夕食前の台所、目隠しをされた私は後ろから身体中をまさぐられる (ページ 2)

 気持ちいい。

 もっと、触ってほしい。

 ──足りない。

「やっ、健一……!」

「なーに?」

 余裕が消えかけたかすれ声が返ってくる。

 なのに欲しい熱は与えられないまま、中途半端な刺激だけが膣内に与えられて腰が揺れる。

 もっと、もっと。

 思いに比例するように身体は熱くなっていくのに、健一は愛撫する指をそのままに美奈のあちこちにキスを落としてそれ以上をしてくれない。

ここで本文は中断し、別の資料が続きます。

definition projective_plane_of_order ::
    "'p set \<Rightarrow> 'l set \<Rightarrow> ('p \<Rightarrow> 'l \<Rightarrow> bool) \<Rightarrow> nat \<Rightarrow> bool" where
  "projective_plane_of_order P L inc ord \<longleftrightarrow>
     finite P \<and> finite L \<and>
     (\<forall>a\<in>P. \<forall>b\<in>P. a \<noteq> b \<longrightarrow> (\<exists>!l. l \<in> L \<and> inc a l \<and> inc b l)) \<and>
     (\<forall>l\<in>L. \<forall>m\<in>L. l \<noteq> m \<longrightarrow> (\<exists>!a. a \<in> P \<and> inc a l \<and> inc a m)) \<and>
     (\<exists>a\<in>P. \<exists>b\<in>P. \<exists>c\<in>P. \<exists>d\<in>P. distinct [a, b, c, d] \<and>
        (\<forall>l\<in>L. card ({a, b, c, d} \<inter> {x. inc x l}) \<le> 2)) \<and>
     (\<forall>l\<in>L. card {a\<in>P. inc a l} = ord + 1)"

definition incidence_vertices :: "'p set \<Rightarrow> 'l set \<Rightarrow> ('p + 'l) set" where
  "incidence_vertices P L = Inl ` P \<union> Inr ` L"

definition incidence_edge :: "'p set \<Rightarrow> 'l set \<Rightarrow> ('p \<Rightarrow> 'l \<Rightarrow> bool) \<Rightarrow> ('p + 'l) \<Rightarrow> ('p + 'l) \<Rightarrow> bool" where
  "incidence_edge P L inc x y \<longleftrightarrow>
     (\<exists>a\<in>P. \<exists>l\<in>L. inc a l \<and> ((x = Inl a \<and> y = Inr l) \<or> (x = Inr l \<and> y = Inl a)))"

end

theory Submission
  imports Defs
begin

text \<open>For any two colours, the incidences between
  the two colour classes form a bipartite graph that contains no C4 (two points share at most one
  line) and no induced 2K2; such a graph is a double star, so with maximum degree p + 1 it has at
  most 2p + 1 edges. Every one of the (p^2 + p + 1)(p + 1) incidences lies in one of the
  k(k - 1)/2 colour pairs, hence k(k - 1)(2p + 1) \<ge> 2(p^2 + p + 1)(p + 1), and solving this
  quadratic inequality for k gives the bound.\<close>

lemma neighbours_singleton_if_no_C4_no_2K2:
  fixes adj :: "'a \<Rightarrow> 'b \<Rightarrow> bool"
  assumes no_C4: "\<And>a1 a2 b1 b2. adj a1 b1 \<Longrightarrow> adj a1 b2 \<Longrightarrow> adj a2 b1 \<Longrightarrow> adj a2 b2 \<Longrightarrow> a1 = a2 \<or> b1 = b2"
    and no_2K2: "\<And>a1 a2 b1 b2. adj a1 b1 \<Longrightarrow> adj a2 b2 \<Longrightarrow> a1 \<noteq> a2 \<Longrightarrow> b1 \<noteq> b2 \<Longrightarrow> adj a1 b2 \<or> adj a2 b1"
    and "adj a0 b0" "adj a b" "adj a0 b" "a \<noteq> a0" "b \<noteq> b0"
  shows "{x. adj x b0} = {a0}"
proof -
  have "\<not> adj a b0" using no_C4 assms(3-7) by blast
  moreover have False if "adj a' b0" "a' \<noteq> a0" for a'
  proof -
    have "adj a' b" using no_2K2 that assms(4,7) \<open>\<not> adj a b0\<close> by blast
    with no_C4 that assms(3,5,7) show False by blast
  qed
  ultimately show ?thesis using assms(3) by auto
qed

lemma C4_free_2K2_free_card_le:
  fixes H :: "('a \<times> 'b) set"
  assumes fin: "finite H"
    and deg_left: "\<And>a. card {y. (a, y) \<in> H} \<le> D"
    and deg_right: "\<And>b. card {x. (x, b) \<in> H} \<le> D"
    and no_C4: "\<And>a1 a2 b1 b2. (a1, b1) \<in> H \<Longrightarrow> (a1, b2) \<in> H \<Longrightarrow> (a2, b1) \<in> H \<Longrightarrow> (a2, b2) \<in> H
                  \<Longrightarrow> a1 = a2 \<or> b1 = b2"
    and no_2K2: "\<And>a1 a2 b1 b2. (a1, b1) \<in> H \<Longrightarrow> (a2, b2) \<in> H \<Longrightarrow> a1 \<noteq> a2 \<Longrightarrow> b1 \<noteq> b2
                  \<Longrightarrow> (a1, b2) \<in> H \<or> (a2, b1) \<in> H"
  shows "card H \<le> 2 * D - 1"
proof (cases "H = {}")
  case False
  define deg where "deg e = card {y. (fst e, y) \<in> H} + card {x. (x, snd e) \<in> H}" for e
  have "Max (deg ` H) \<in> deg ` H" using fin False by simp
  then obtain a0 b0 where e0: "(a0, b0) \<in> H" and "deg (a0, b0) = Max (deg ` H)" by auto
  with fin have max: "deg e \<le> deg (a0, b0)" if "e \<in> H" for e using that by simp
  have fin_nbhd: "finite {y. (a, y) \<in> H}" "finite {x. (x, b) \<in> H}" for a b
    by (rule finite_subset[of _ "snd ` H"] finite_subset[of _ "fst ` H"], force, simp add: fin)+
  txt \<open>An edge \<open>(a0, b0)\<close> of maximal degree sum covers every edge: otherwise \<open>b0\<close> (or \<open>a0\<close>)
    would be a leaf while its competitor has degree at least two.\<close>
  have star_cover: "a = a0 \<or> b = b0" if ab: "(a, b) \<in> H" for a b
  proof (rule ccontr)
    assume off_star: "\<not> (a = a0 \<or> b = b0)"
    then consider "(a0, b) \<in> H" | "(a, b0) \<in> H"
      using no_2K2[OF e0 ab] by auto
    then show False
    proof cases
      case 1
      have "{x. (x, b0) \<in> H} = {a0}"
        using neighbours_singleton_if_no_C4_no_2K2[of "\<lambda>x y. (x, y) \<in> H"] no_C4 no_2K2 e0 ab 1 off_star
        by blast
      moreover have "card {a, a0} \<le> card {x. (x, b) \<in> H}"
        using ab 1 fin_nbhd by (intro card_mono) auto
      ultimately show False using max[OF 1] off_star by (simp add: deg_def)
    next
      case 2
      have "{y. (a0, y) \<in> H} = {b0}"
        using neighbours_singleton_if_no_C4_no_2K2[of "\<lambda>y x. (x, y) \<in> H"] no_C4 no_2K2 e0 ab 2 off_star
        by blast
      moreover have "card {b, b0} \<le> card {y. (a, y) \<in> H}"
        using ab 2 fin_nbhd by (intro card_mono) auto
      ultimately show False using max[OF 2] off_star by (simp add: deg_def)
    qed
  qed
  define left_star where "left_star = {e \<in> H. fst e = a0}"
  define right_star where "right_star = {e \<in> H. snd e = b0}"
  have "card H + 1 \<le> card left_star + card right_star"
  proof -
    have "H = left_star \<union> right_star"
      using star_cover by (fastforce simp: left_star_def right_star_def)
    moreover have "(a0, b0) \<in> left_star \<inter> right_star"
      using e0 by (simp add: left_star_def right_star_def)
    ultimately show ?thesis
      using fin card_Un_Int[of left_star right_star] card_gt_0_iff[of "left_star \<inter> right_star"]
      by (auto simp: left_star_def right_star_def)
  qed
  moreover have "card left_star = card {y. (a0, y) \<in> H}"
    unfolding left_star_def by (rule bij_betw_same_card[of snd]) (auto simp: bij_betw_def inj_on_def image_iff)
  moreover have "card right_star = card {x. (x, b0) \<in> H}"
    unfolding right_star_def by (rule bij_betw_same_card[of fst]) (auto simp: bij_betw_def inj_on_def image_iff)
  ultimately have "card H + 1 \<le> 2 * D" using deg_left[of a0] deg_right[of b0] by linarith
  then show ?thesis by simp
qed simp
(* Fix an integer $r\ge0$. There is a constant $C_r>0$ depending only on $r$ such that for every $n\ge1$ and every $\theta\in\mathbb{R}^n$, $$\|\theta-P^{(n,r)}\theta\|_\infty\le C_r\,\mathrm{TV}^{(r+1)}(\theta).$$
   Context: $P^{(n,r)}$ is the orthogonal projection matrix in $\mathbb{R}^n$ onto the subspace $\{(p(1/n),p(2/n),\dots,p(n/n)): p\text{ a real polynomial of degree at most } r\}$. For $\theta\in\mathbb{R}^n$: $D^{(1)}\theta=(\theta_2-\theta_1,\dots,\theta_n-\theta_{n-1})$, $D^{(s)}\theta=D^{(1)}(D^{(s-1)}\theta)\in\mathbb{R}^{n-s}$, and $\mathrm{TV}^{(s)}(\theta)=n^{s-1}\|D^{(s)}\theta\|_1$; thus $\mathrm{TV}^{(r+1)}(\theta)=n^{r}\|D^{(r+1)}\theta\|_1$. *)

theory Defs
  imports Complex_Main "HOL-Computational_Algebra.Polynomial"
begin

text \<open>Vectors in R^n are represented as functions nat \<Rightarrow> real, with coordinates
  indexed by 1..n (values outside 1..n are irrelevant).\<close>

definition polyvec :: "nat \<Rightarrow> real poly \<Rightarrow> nat \<Rightarrow> real" where
  "polyvec n p = (\<lambda>i. if i \<in> {1..n} then poly p (real i / real n) else 0)"

definition proj :: "nat \<Rightarrow> nat \<Rightarrow> (nat \<Rightarrow> real) \<Rightarrow> nat \<Rightarrow> real" where
  "proj n r \<theta> = (THE v. (\<exists>p. degree p \<le> r \<and> v = polyvec n p) \<and>
      (\<forall>q. degree q \<le> r \<longrightarrow> (\<Sum>i=1..n. (\<theta> i - v i) * polyvec n q i) = 0))"
(* Let $q\ge2$, $n\ge1$, and ${\boldsymbol y}\in\Sigma_q^{n+1}$ with run length profile $(r_1,\dots,r_{\rho({\boldsymbol y})})$. Then $\mathsf{H}^{\mathsf{In}}_{1\text{-}\mathsf{Ins}}({\boldsymbol y})$ is invariant to permutations of the run length profile of ${\boldsymbol y}$ and $$\mathsf{H}^{\mathsf{In}}_{1\text{-}\mathsf{Ins}}({\boldsymbol y})=\log_2(n+1)-\frac{1}{n+1}\sum_{i=1}^{\rho({\boldsymbol y})}r_i\log_2 r_i.$$
   Context: $\Sigma_q=\{0,1,\dots,q-1\}$. For sequences ${\boldsymbol x}$ of length $\ell$ and ${\boldsymbol y}$ of length $N\ge\ell$, $\omega_{{\boldsymbol x}}({\boldsymbol y})$ is the number of index tuples $1\le i_1<\dots<i_\ell\le N$ with $y_{i_j}=x_j$. The $k$-insertion channel with input length $n$ maps ${\boldsymbol x}\in\Sigma_q^n$ to ${\boldsymbol y}\in\Sigma_q^{n+k}$ with probability $\omega_{{\boldsymbol x}}({\boldsymbol y})/(\binom{n+k}{k}q^k)$. Under uniform transmission $X$ is uniform on $\Sigma_q^n$ and $\mathsf{H}^{\mathsf{In}}_{k\text{-}\mathsf{Ins}}({\boldsymbol y})=H(X\mid Y={\boldsymbol y})$ (base-2 logarithms), with posterior $P({\boldsymbol x}\mid {\boldsymbol y})=\Pr\{{\boldsymbol y}\mid{\boldsymbol x}\}/\sum_{{\boldsymbol x}'}\Pr\{{\boldsymbol y}\mid{\boldsymbol x}'\}$. A run is a maximal block of identical consecutive symbols; $\rho({\boldsymbol y})$ is the number of runs and the run length profile is the vector of run lengths from left to right. Convention $0\log 0$ does not arise since $r_i\ge1$. *)

theory Defs
  imports Complex_Main "HOL-Library.Multiset"
begin

definition words :: "nat \<Rightarrow> nat \<Rightarrow> nat list set" where
  "words q n = {x. length x = n \<and> set x \<subseteq> {..<q}}"

text \<open>omega_x(y): number of index sets i_1<...<i_l (0-based here) with y_{i_j} = x_j.\<close>
definition omega :: "nat list \<Rightarrow> nat list \<Rightarrow> nat" where
  "omega x y = card {I. I \<subseteq> {..<length y} \<and> card I = length x \<and>
       (\<forall>j<length x. y ! (sorted_list_of_set I ! j) = x ! j)}"

text \<open>Transition probability of the k-insertion channel with input length n.\<close>
definition ins_prob :: "nat \<Rightarrow> nat \<Rightarrow> nat \<Rightarrow> nat list \<Rightarrow> nat list \<Rightarrow> real" where
  "ins_prob q n k x y = real (omega x y) / (real ((n + k) choose k) * real q ^ k)"

text \<open>Posterior P(x | y) under uniform input on \<Sigma>_q^n.\<close>
definition posterior :: "nat \<Rightarrow> nat \<Rightarrow> nat \<Rightarrow> nat list \<Rightarrow> nat list \<Rightarrow> real" where
  "posterior q n k y x = ins_prob q n k x y / (\<Sum>x'\<in>words q n. ins_prob q n k x' y)"

definition H_ins :: "nat \<Rightarrow> nat \<Rightarrow> nat \<Rightarrow> nat list \<Rightarrow> real" where
  "H_ins q n k y = (\<Sum>x\<in>words q n. let p = posterior q n k y x in
       if p = 0 then 0 else - p * log 2 p)"

fun rlp :: "'a list \<Rightarrow> nat list" where
  "rlp [] = []"
| "rlp [a] = [1]"
| "rlp (a # b # xs) = (let r = rlp (b # xs) in
     if a = b then Suc (hd r) # tl r else 1 # r)"

definition rho :: "'a list \<Rightarrow> nat" where
  "rho y = length (rlp y)"

end

theory Submission imports Defs begin

text \<open>A single insertion can be undone only by a single deletion, so the likelihood of x
  given y counts the positions of y whose deletion yields x. Deleting any two positions of
  the same run gives the same word, and positions in different runs give different words;
  hence the nonzero likelihoods form the run length profile of y, each divided by the same
  constant. The posterior is therefore the distribution of the numbers r_i / (n + 1), whose
  entropy depends only on the multiset of run lengths.\<close>

definition del_at :: "nat \<Rightarrow> 'a list \<Rightarrow> 'a list" where
  "del_at i y = take i y @ drop (Suc i) y"

definition del_count :: "'a list \<Rightarrow> 'a list \<Rightarrow> nat" where
  "del_count y x = card {i. i < length y \<and> del_at i y = x}"

definition deletions :: "'a list \<Rightarrow> 'a list set" where
  "deletions y = (\<lambda>i. del_at i y) ` {..<length y}"

lemma del_at_0_Cons [simp]: "del_at 0 (a # y) = y"
  by (simp add: del_at_def)

lemma del_at_Suc_Cons [simp]: "del_at (Suc i) (a # y) = a # del_at i y"
  by (simp add: del_at_def)

lemma length_del_at: "i < length y \<Longrightarrow> length (del_at i y) = length y - 1"
  by (simp add: del_at_def)

lemma set_del_at_subset: "set (del_at i y) \<subseteq> set y"
  by (auto simp: del_at_def dest: in_set_takeD in_set_dropD)

lemma del_at_map: "del_at i (map f y) = map f (del_at i y)"
  by (simp add: del_at_def take_map drop_map)

lemma del_at_upt:
  "i < m \<Longrightarrow> sorted_list_of_set ({..<m} - {i}) = del_at i [0..<m]"
proof -
  assume "i < m"
  then have "del_at i [0..<m] = [0..<i] @ [Suc i..<m]"
    by (simp add: del_at_def take_upt drop_upt)
  then have "set (del_at i [0..<m]) = {..<m} - {i}" "sorted (del_at i [0..<m])"
      "distinct (del_at i [0..<m])"
    using \<open>i < m\<close> by (auto simp: sorted_append)
  then show ?thesis
    by (metis sorted_list_of_set.idem_if_sorted_distinct)
qed

lemma card_less_Suc_split:
  "card {i. i < Suc m \<and> P i} = (if P 0 then 1 else 0) + card {i. i < m \<and> P (Suc i)}"
proof -
  have "{i. i < Suc m \<and> P i} = (if P 0 then {0} else {}) \<union> Suc ` {i. i < m \<and> P (Suc i)}"
    by (auto simp: less_Suc_eq_0_disj)
  moreover have "card (Suc ` {i. i < m \<and> P (Suc i)}) = card {i. i < m \<and> P (Suc i)}"
    by (rule card_image) simp
  ultimately show ?thesis
    by (simp add: card_Un_disjoint)
qed

lemma del_count_Cons:
  "del_count (a # y) x = (if y = x then 1 else 0) + card {i. i < length y \<and> a # del_at i y = x}"
  unfolding del_count_def by (simp add: card_less_Suc_split)

lemma del_count_Cons_Cons:
  "del_count (a # y) (a # x) = (if y = a # x then 1 else 0) + del_count y x"
  by (subst del_count_Cons) (simp add: del_count_def)

lemma del_count_eq_0: "x \<notin> deletions y \<Longrightarrow> del_count y x = 0"
  by (auto simp: del_count_def deletions_def)

lemma deletions_Nil [simp]: "deletions [] = {}"
  by (simp add: deletions_def)

lemma finite_deletions [simp]: "finite (deletions y)"
  by (simp add: deletions_def)

lemma deletions_Cons: "deletions (a # y) = insert y ((#) a ` deletions y)"
  unfolding deletions_def by (auto simp: lessThan_Suc_eq_insert_0 image_image)

lemma tl_in_deletions: "y \<noteq> [] \<Longrightarrow> tl y \<in> deletions y"
  by (cases y) (auto simp: deletions_Cons)

lemma deletions_subset_words:
  assumes "y \<in> words q (Suc n)"
  shows "deletions y \<subseteq> words q n"
  using assms set_del_at_subset by (fastforce simp: deletions_def words_def length_del_at)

 ふさがれた視界がもどかしさを助長して、気持ちいいのと、もっとして欲しいのとで、美奈の感情が大きく波打って、爆発した。

「目隠し、も、やだあっ。ちゃんとしてよ……っ」

 泣きそうになりながら訴えた。

 実際に泣いていたかもしれない。

 声音でそれは健一にも伝わっているはずなのに、美奈の中を悪戯していた指も、美奈を覆っていた身体も、遠ざかってしまった。

「……っ」

 支えを失った身体がシンクをつかんでいた手ごと床に崩れ落ちる。

 フローリングの床がひんやり心地いいのに疼く身体には毒で、尻を高くあげた姿勢のまま美奈はぐちゃぐちゃになった気持ちを持て余していた。

 もう自分で触ってしまいたいくらい身体が熱くて、漏れる吐息は気持ちいい刺激を欲して潤んでいた。

「は……っ、や、あ、ああああああああ」

 吐息で熱をやりすごそうとした瞬間、ずん、と、強い衝撃が美奈の身体を貫いた。

 高く上げた腰を大きな手が固定して、健一の熱が美奈の奥深くへ挿入ってきたのだ。

 求めていた熱に喜びの色をたたえた矯声があがり、もう美奈自身にもコントロール出来なかった。

 暗いはずの目の前がチカチカと光って、気持ちいいに頭の中が支配される。

 強く腰が打ち付けられる度に、理性が一枚一枚剥がれていく。

 気持ちいい。

 もっとして。

 いじわるしないで、そこ、もっと。

 息も絶え絶えな中で、何度も訴えていた。

 健一のものが美奈をいっぱいにして、こすって、奥を突くのがたまらないほど気持ちよくて。

 ぶわりと汗が噴き出して身体がより密着する。

 美奈の熱と健一の熱が溶け合って、頭がおかしくなってしまいそうだった。

「あっ、や、健一、きもちいいっ、あぁ……っ、いっ、イっちゃう、あ、や……あああああっ」

「みな……っ、美奈っ、っぅく」

 互いの肌が打ち合う音と、獣のような荒い息遣いが響く。

 健一の腰遣いが一層激しく早くなり、美奈の意識が白くはじけた。

「あ、っは、あ……」

 ぎゅうと後ろから抱きしめられて首筋や耳、頬から顔じゅうにキスを落とされて、身をよじった拍子に目を覆うネクタイが外れた。

「……おかえりなさい、健一」

「ただいま、美奈」

 自分を抱きしめて笑ったのは、当たり前だけど夫の健一で、美奈がスカートをまくられただけの状態なら彼もズボンを下ろしただけの間抜けな姿で、思わず笑ってしまった。

 わかっていても姿がみえなかったのは不安だったらしい、ほっとした美奈はぺしんと健一の額を叩くと自分からキスをして笑った。